CLI Usage
The babylon binary provides three subcommands — phonemize, tts, and serve — plus global flags for model configuration.
Configuration
On startup, babylon automatically loads config.json from the same directory as the executable. You can override this with --config, and any individual flag overrides its corresponding config key.
{
"phonemizer_model": "models/open-phonemizer.onnx",
"dictionary": "models/dictionary.json",
"kokoro_model": "models/kokoro-quantized.onnx",
"kokoro_voice": "en-US-heart",
"kokoro_voices": "models/voices",
"vits_model": "models/curie.onnx",
"host": "127.0.0.1",
"port": 8775
}Global flags
These flags apply to all subcommands and are processed before dispatch.
| Flag | Argument | Description |
|---|---|---|
| --config | <path> | Load a JSON config file |
| --phonemizer-model | <path> | Phonemizer ONNX model |
| --dictionary | <path> | Pronunciation dictionary JSON |
| --kokoro-model | <path> | Kokoro ONNX model |
| --kokoro-voice | <name> | Default Kokoro voice name |
| --kokoro-voices | <dir> | Directory of voice .bin files |
| --vits-model | <path> | VITS ONNX model |
| -h, --help | — | Show help |
phonemize
Convert text to IPA phonemes using the Open Phonemizer G2P pipeline. Words found in the pronunciation dictionary are looked up directly; unknown words are handled by the neural model.
# IPA output (default)
babylon phonemize "Hello world"
# → hɛloʊ wɜːld
# Kokoro token IDs instead of IPA
babylon phonemize --tokens "Hello world"
# → [31, 29, 42, 0, 51, 17, 32, 42]| Flag | Description |
|---|---|
| --tokens | Print Kokoro token IDs instead of the IPA string |
| -h, --help | Show help |
tts
Synthesise speech from text and write a WAV file. The Kokoro engine is the default. Switch to VITS with --vits.

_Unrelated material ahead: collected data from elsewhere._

fun pi_s :: "(nat \<Rightarrow> nat) \<Rightarrow> (nat \<Rightarrow> nat) \<Rightarrow> nat \<Rightarrow> ((nat \<times> nat) \<Rightarrow> (nat \<times> nat))
    \<Rightarrow> nat \<Rightarrow> nat \<Rightarrow> real" where
  "pi_s dout din n \<omega> 0 j = real (din j) / real (num_arcs din n)"
| "pi_s dout din n \<omega> (Suc s) j = (\<Sum>i<n. pi_s dout din n \<omega> s i * trans_P dout din n \<omega> i j)"

definition tv_dist :: "nat \<Rightarrow> (nat \<Rightarrow> real) \<Rightarrow> (nat \<Rightarrow> real) \<Rightarrow> real" where
  "tv_dist n \<mu> \<nu> = (1/2) * (\<Sum>j<n. \<bar>\<mu> j - \<nu> j\<bar>)"

definition max_deg :: "(nat \<Rightarrow> nat) \<Rightarrow> (nat \<Rightarrow> nat) \<Rightarrow> nat \<Rightarrow> nat" where
  "max_deg dout din n = Max ((\<lambda>i. max (dout i) (din i)) ` {..<n})"

definition hor :: "(nat \<Rightarrow> nat) \<Rightarrow> (nat \<Rightarrow> nat) \<Rightarrow> nat \<Rightarrow> nat" where
  "hor dout din n = nat \<lfloor>ln (real n) / (10 * ln (real (max_deg dout din n)))\<rfloor>"

definition tv_ht :: "(nat \<Rightarrow> nat) \<Rightarrow> (nat \<Rightarrow> nat) \<Rightarrow> nat \<Rightarrow> nat \<Rightarrow> ((nat \<times> nat) \<Rightarrow> (nat \<times> nat)) \<Rightarrow> real" where
  "tv_ht dout din n t \<omega> =
     tv_dist n (pi_s dout din n \<omega> (hor dout din n)) (pi_s dout din n \<omega> t)"

end

theory Submission
  imports Defs "HOL-Combinatorics.Transposition" "HOL-Real_Asymp.Real_Asymp"
begin

text \<open>An environment is a uniform bijection from tails to heads. Composing it with the
  transposition of two heads moves at most two arcs, which changes \<open>\<pi>\<^sub>s\<close> by
  \<open>O(s \<Delta>\<^sup>s / m)\<close> in \<open>\<ell>\<^sup>1\<close>; hence \<open>\<parallel>\<pi>\<^sub>h - \<pi>\<^sub>t\<parallel>\<^sub>T\<^sub>V\<close> has bounded differences
  \<open>c = O((h \<Delta>\<^sup>h + t \<Delta>\<^sup>t) / m)\<close> under such swaps. For any function on uniform bijections with
  this property the variance is at most \<open>m c\<^sup>2\<close> (condition on the image of one tail: the
  fibres are carried onto one another by transpositions, so their means differ by at most
  \<open>c\<close>, and induct). Since \<open>\<Delta>\<^sup>h \<le> n\<^sup>1\<^sup>/\<^sup>1\<^sup>0\<close>, \<open>h \<le> ln n\<close> and \<open>m \<ge> 2n\<close>, the variance is
  \<open>O(n\<^sup>-\<^sup>4\<^sup>/\<^sup>5 ln\<^sup>2 n)\<close> and Chebyshev's inequality concludes.\<close>

section \<open>Bounded differences for uniformly random bijections\<close>

definition ext_bijections :: "'a set \<Rightarrow> 'b set \<Rightarrow> ('a \<Rightarrow> 'b) set" where
  "ext_bijections T H = {\<omega>. bij_betw \<omega> T H \<and> \<omega> \<in> extensional T}"

definition swap_target :: "'a set \<Rightarrow> 'b \<Rightarrow> 'b \<Rightarrow> ('a \<Rightarrow> 'b) \<Rightarrow> 'a \<Rightarrow> 'b" where
  "swap_target T a b \<omega> = restrict (Transposition.transpose a b \<circ> \<omega>) T"

lemma finite_ext_bijections: "finite T \<Longrightarrow> finite H \<Longrightarrow> finite (ext_bijections T H)"
  by (rule finite_subset[of _ "PiE T (\<lambda>_. H)"])
     (auto simp: ext_bijections_def bij_betw_def PiE_iff extensional_def intro: finite_PiE)

lemma ext_bijections_nonempty:
  assumes "finite T" "finite H" "card T = card H"
  shows "ext_bijections T H \<noteq> {}"
proof -
  obtain g where "bij_betw g T H" using finite_same_card_bij[OF assms] by blast
  then have "restrict g T \<in> ext_bijections T H"
    by (simp add: ext_bijections_def bij_betw_cong[of T "restrict g T" g])
  then show ?thesis by blast
qed

lemma swap_target_apply: "x \<in> T \<Longrightarrow> swap_target T a b \<omega> x = Transposition.transpose a b (\<omega> x)"
  by (simp add: swap_target_def)

lemma swap_target_in_ext_bijections:
  assumes "\<omega> \<in> ext_bijections T H" "a \<in> H" "b \<in> H"
  shows "swap_target T a b \<omega> \<in> ext_bijections T H"
proof -
  have "bij_betw (Transposition.transpose a b \<circ> \<omega>) T H"
    using assms by (intro bij_betw_trans) (auto simp: ext_bijections_def)
  then show ?thesis
    by (simp add: ext_bijections_def swap_target_def
        bij_betw_cong[of T "restrict (Transposition.transpose a b \<circ> \<omega>) T"])
qed

lemma swap_target_swap_target:
  "\<omega> \<in> ext_bijections T H \<Longrightarrow> swap_target T a b (swap_target T a b \<omega>) = \<omega>"
  by (auto simp: ext_bijections_def swap_target_def extensional_def fun_eq_iff)

lemma fun_upd_swap_target:
  "x \<notin> T \<Longrightarrow> a \<noteq> c \<Longrightarrow> b \<noteq> c \<Longrightarrow>
    (swap_target T a b \<psi>)(x := c) = swap_target (insert x T) a b (\<psi>(x := c))"
  by (auto simp: swap_target_def fun_eq_iff)

lemma fun_upd_in_ext_bijections:
  assumes "x \<notin> T" "c \<in> H" "\<psi> \<in> ext_bijections T (H - {c})"
  shows "\<psi>(x := c) \<in> ext_bijections (insert x T) H"
proof -
  have bij: "bij_betw \<psi> T (H - {c})" and ext: "\<psi> \<in> extensional T"
    using assms(3) by (auto simp: ext_bijections_def)
  have "bij_betw (\<psi>(x := c)) T (H - {c})"
    by (rule bij_betw_cong[THEN iffD1, OF _ bij]) (use assms(1) in auto)
  then have "bij_betw (\<psi>(x := c)) (T \<union> {x}) ((H - {c}) \<union> {c})"
    using notIn_Un_bij_betw3[of x T "\<psi>(x := c)" "H - {c}"] assms(1) by simp
  moreover have "(H - {c}) \<union> {c} = H" using assms(2) by auto
  ultimately show ?thesis using ext by (auto simp: ext_bijections_def extensional_def)
qed

lemma ext_bijections_fiber_eq:
  assumes "x \<notin> T" "c \<in> H"
  shows "{\<omega> \<in> ext_bijections (insert x T) H. \<omega> x = c} = (\<lambda>\<psi>. \<psi>(x := c)) ` ext_bijections T (H - {c})"
proof (intro equalityI subsetI)
  fix \<omega> assume "\<omega> \<in> {\<omega> \<in> ext_bijections (insert x T) H. \<omega> x = c}"
  then have bij: "bij_betw \<omega> (insert x T) H" and ext: "\<omega> \<in> extensional (insert x T)"
    and c: "\<omega> x = c"
    by (auto simp: ext_bijections_def)
  define \<psi> where "\<psi> = fun_upd \<omega> x undefined"
  have "bij_betw \<omega> T (H - {c})"
    using bij_betw_DiffI[OF bij, of "{x}" "{c}"] assms(1) c bij by (auto simp: bij_betw_def)
  then have "bij_betw \<psi> T (H - {c})"
    by (rule bij_betw_cong[THEN iffD1, rotated]) (use assms(1) in \<open>auto simp: \<psi>_def\<close>)
  moreover have "\<psi> \<in> extensional T" using ext by (auto simp: extensional_def \<psi>_def)
  moreover have "\<omega> = \<psi>(x := c)" using c by (auto simp: \<psi>_def)
  ultimately show "\<omega> \<in> (\<lambda>\<psi>. \<psi>(x := c)) ` ext_bijections T (H - {c})"
    by (auto simp: ext_bijections_def)
qed (use fun_upd_in_ext_bijections[OF assms] in auto)

lemma inj_on_fun_upd_ext_bijections:
  "x \<notin> T \<Longrightarrow> inj_on (\<lambda>\<psi>. \<psi>(x := c)) (ext_bijections T H)"
  by (rule inj_onI) (auto simp: ext_bijections_def extensional_def fun_eq_iff, metis)

definition mean :: "'a set \<Rightarrow> ('a \<Rightarrow> real) \<Rightarrow> real" where
  "mean S f = sum f S / card S"

definition sum_sq_dev :: "'a set \<Rightarrow> ('a \<Rightarrow> real) \<Rightarrow> real" where
  "sum_sq_dev S f = (\<Sum>x\<in>S. (f x - mean S f)\<^sup>2)"

lemma sum_sq_diff_eq_sum_sq_dev:
  assumes "finite S"
  shows "(\<Sum>x\<in>S. (f x - y)\<^sup>2) = sum_sq_dev S f + card S * (mean S f - y)\<^sup>2"
proof (cases "S = {}")
  case False
  let ?m = "mean S f"
  have centred: "(\<Sum>x\<in>S. f x - ?m) = 0"
    using assms False by (simp add: sum_subtractf mean_def)
  have "(\<Sum>x\<in>S. (f x - y)\<^sup>2) = (\<Sum>x\<in>S. (f x - ?m)\<^sup>2 + 2 * (?m - y) * (f x - ?m) + (?m - y)\<^sup>2)"
    by (rule sum.cong) (auto simp: power2_eq_square algebra_simps)
  also have "\<dots> = sum_sq_dev S f + 2 * (?m - y) * (\<Sum>x\<in>S. f x - ?m) + card S * (?m - y)\<^sup>2"
    by (simp add: sum.distrib sum_distrib_left sum_sq_dev_def)
  finally show ?thesis using centred by simp
qed (simp add: sum_sq_dev_def)

lemma sum_sq_dev_reindex:
  "inj_on g A \<Longrightarrow> sum_sq_dev (g ` A) f = sum_sq_dev A (f \<circ> g)"
  by (simp add: sum_sq_dev_def mean_def sum.reindex card_image)

lemma mean_reindex: "inj_on g A \<Longrightarrow> mean (g ` A) f = mean A (f \<circ> g)"
  by (simp add: mean_def sum.reindex card_image)

lemma abs_mean_diff_le:
  assumes "finite A" "0 \<le> c" "\<And>x. x \<in> A \<Longrightarrow> \<bar>f x - g x\<bar> \<le> c"
  shows "\<bar>mean A f - mean A g\<bar> \<le> c"
proof (cases "A = {}")
  case False
  have "\<bar>sum f A - sum g A\<bar> \<le> (\<Sum>x\<in>A. \<bar>f x - g x\<bar>)"
    using sum_abs[of "\<lambda>x. f x - g x" A] by (simp add: sum_subtractf)
  also have "\<dots> \<le> card A * c" by (rule sum_bounded_above) (rule assms(3))
  finally have "\<bar>sum f A - sum g A\<bar> / card A \<le> c"
    using False assms(1) by (simp add: pos_divide_le_eq mult.commute card_gt_0_iff)
  then show ?thesis by (simp add: mean_def diff_divide_distrib[symmetric])
qed (simp add: mean_def assms(2))

lemma sum_sq_dev_le_fibres:
  assumes "finite S" "finite Y" "g ` S \<subseteq> Y"
  shows "sum_sq_dev S f \<le>
    (\<Sum>y\<in>Y. sum_sq_dev {x \<in> S. g x = y} f + card {x \<in> S. g x = y} * (mean {x \<in> S. g x = y} f - z)\<^sup>2)"
proof -
  have "sum_sq_dev S f \<le> (\<Sum>x\<in>S. (f x - z)\<^sup>2)"
    using sum_sq_diff_eq_sum_sq_dev[OF assms(1), of f z] by simp
  also have "\<dots> = (\<Sum>y\<in>Y. \<Sum>x | x \<in> S \<and> g x = y. (f x - z)\<^sup>2)"
    by (rule sum.group[symmetric]) (use assms in auto)
  also have "\<dots> = (\<Sum>y\<in>Y. sum_sq_dev {x \<in> S. g x = y} f + card {x \<in> S. g x = y} * (mean {x \<in> S. g x = y} f - z)\<^sup>2)"
    using assms(1) by (intro sum.cong refl sum_sq_diff_eq_sum_sq_dev) auto
  finally show ?thesis .
qed

lemma sum_card_fibres:
  assumes "finite S" "finite Y" "g ` S \<subseteq> Y"
  shows "(\<Sum>y\<in>Y. card {x \<in> S. g x = y}) = card S"
  using sum.group[OF assms, of "\<lambda>_. 1::nat"] by simp

lemma swap_target_image_fibre:
  assumes "x \<in> T" "a \<in> H" "b \<in> H"
  shows "swap_target T a b ` {\<omega> \<in> ext_bijections T H. \<omega> x = a} = {\<omega> \<in> ext_bijections T H. \<omega> x = b}"
    (is "?sw ` ?Fa = ?Fb")
proof (intro equalityI subsetI)
  fix \<omega> assume "\<omega> \<in> ?sw ` ?Fa"
  then show "\<omega> \<in> ?Fb"
    using assms by (auto simp: swap_target_apply intro: swap_target_in_ext_bijections)
next
  fix \<omega> assume \<omega>: "\<omega> \<in> ?Fb"
  then have "?sw \<omega> \<in> ?Fa"
    using assms by (auto simp: swap_target_apply intro: swap_target_in_ext_bijections)
  moreover have "\<omega> = ?sw (?sw \<omega>)" using \<omega> swap_target_swap_target by fastforce
  ultimately show "\<omega> \<in> ?sw ` ?Fa" by blast
qed

lemma abs_mean_fibre_diff_le:
  assumes lip: "\<And>\<omega> a b. \<omega> \<in> ext_bijections T H \<Longrightarrow> a \<in> H \<Longrightarrow> b \<in> H \<Longrightarrow>
      \<bar>f \<omega> - f (swap_target T a b \<omega>)\<bar> \<le> c"
    and "finite T" "finite H" "0 \<le> c" "x \<in> T" "a \<in> H" "b \<in> H"
  shows "\<bar>mean {\<omega> \<in> ext_bijections T H. \<omega> x = a} f - mean {\<omega> \<in> ext_bijections T H. \<omega> x = b} f\<bar> \<le> c"
proof -
  let ?Fa = "{\<omega> \<in> ext_bijections T H. \<omega> x = a}" and ?sw = "swap_target T a b"
  have "inj_on ?sw ?Fa"
    by (rule inj_on_inverseI[of _ ?sw]) (blast intro: swap_target_swap_target)
  then have "mean (?sw ` ?Fa) f = mean ?Fa (f \<circ> ?sw)"
    by (rule mean_reindex)
  then have "mean {\<omega> \<in> ext_bijections T H. \<omega> x = b} f = mean ?Fa (f \<circ> ?sw)"
    by (simp only: swap_target_image_fibre[OF assms(5-7)])
  moreover have "\<bar>mean ?Fa f - mean ?Fa (f \<circ> ?sw)\<bar> \<le> c"
    using assms by (intro abs_mean_diff_le) (simp_all add: finite_ext_bijections)
  ultimately show ?thesis by simp
qed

# Kokoro synthesis (default voice, writes output.wav)
babylon tts "Hello world"
# Specify output path
babylon tts "Hello world" -o hello.wav
# Choose a voice and adjust speed
babylon tts --voice en-US-nova --speed 1.2 "Hello world" -o nova.wav
# Use the VITS engine
babylon tts --vits "Hello world" -o vits-out.wav| Flag | Argument | Description |
|---|---|---|
| --kokoro | — | Use the Kokoro engine (default) |
| --vits | — | Use the VITS engine |
| --engine | <name> | Select kokoro or vits explicitly |
| -v, --voice | <name> | Kokoro voice name (filename in voices dir without .bin) |
| --speed | <float> | Speech speed multiplier (default: 1.0) |
| -o | <path> | Output WAV file (default: output.wav) |
| -h, --help | — | Show help |
serve
Start a local HTTP server with the built-in web frontend. All configured models are pre-loaded on startup. The web UI is served at GET / from index.html in the same directory as the executable.
# Start on default address (127.0.0.1:8775)
babylon serve
# Expose on all interfaces, custom port
babylon serve --host 0.0.0.0 --port 9000| Flag | Argument | Description |
|---|---|---|
| --host | <addr> | Bind address (default: 127.0.0.1) |
| --port | <port> | Port number (default: 8775) |
| -h, --help | — | Show help |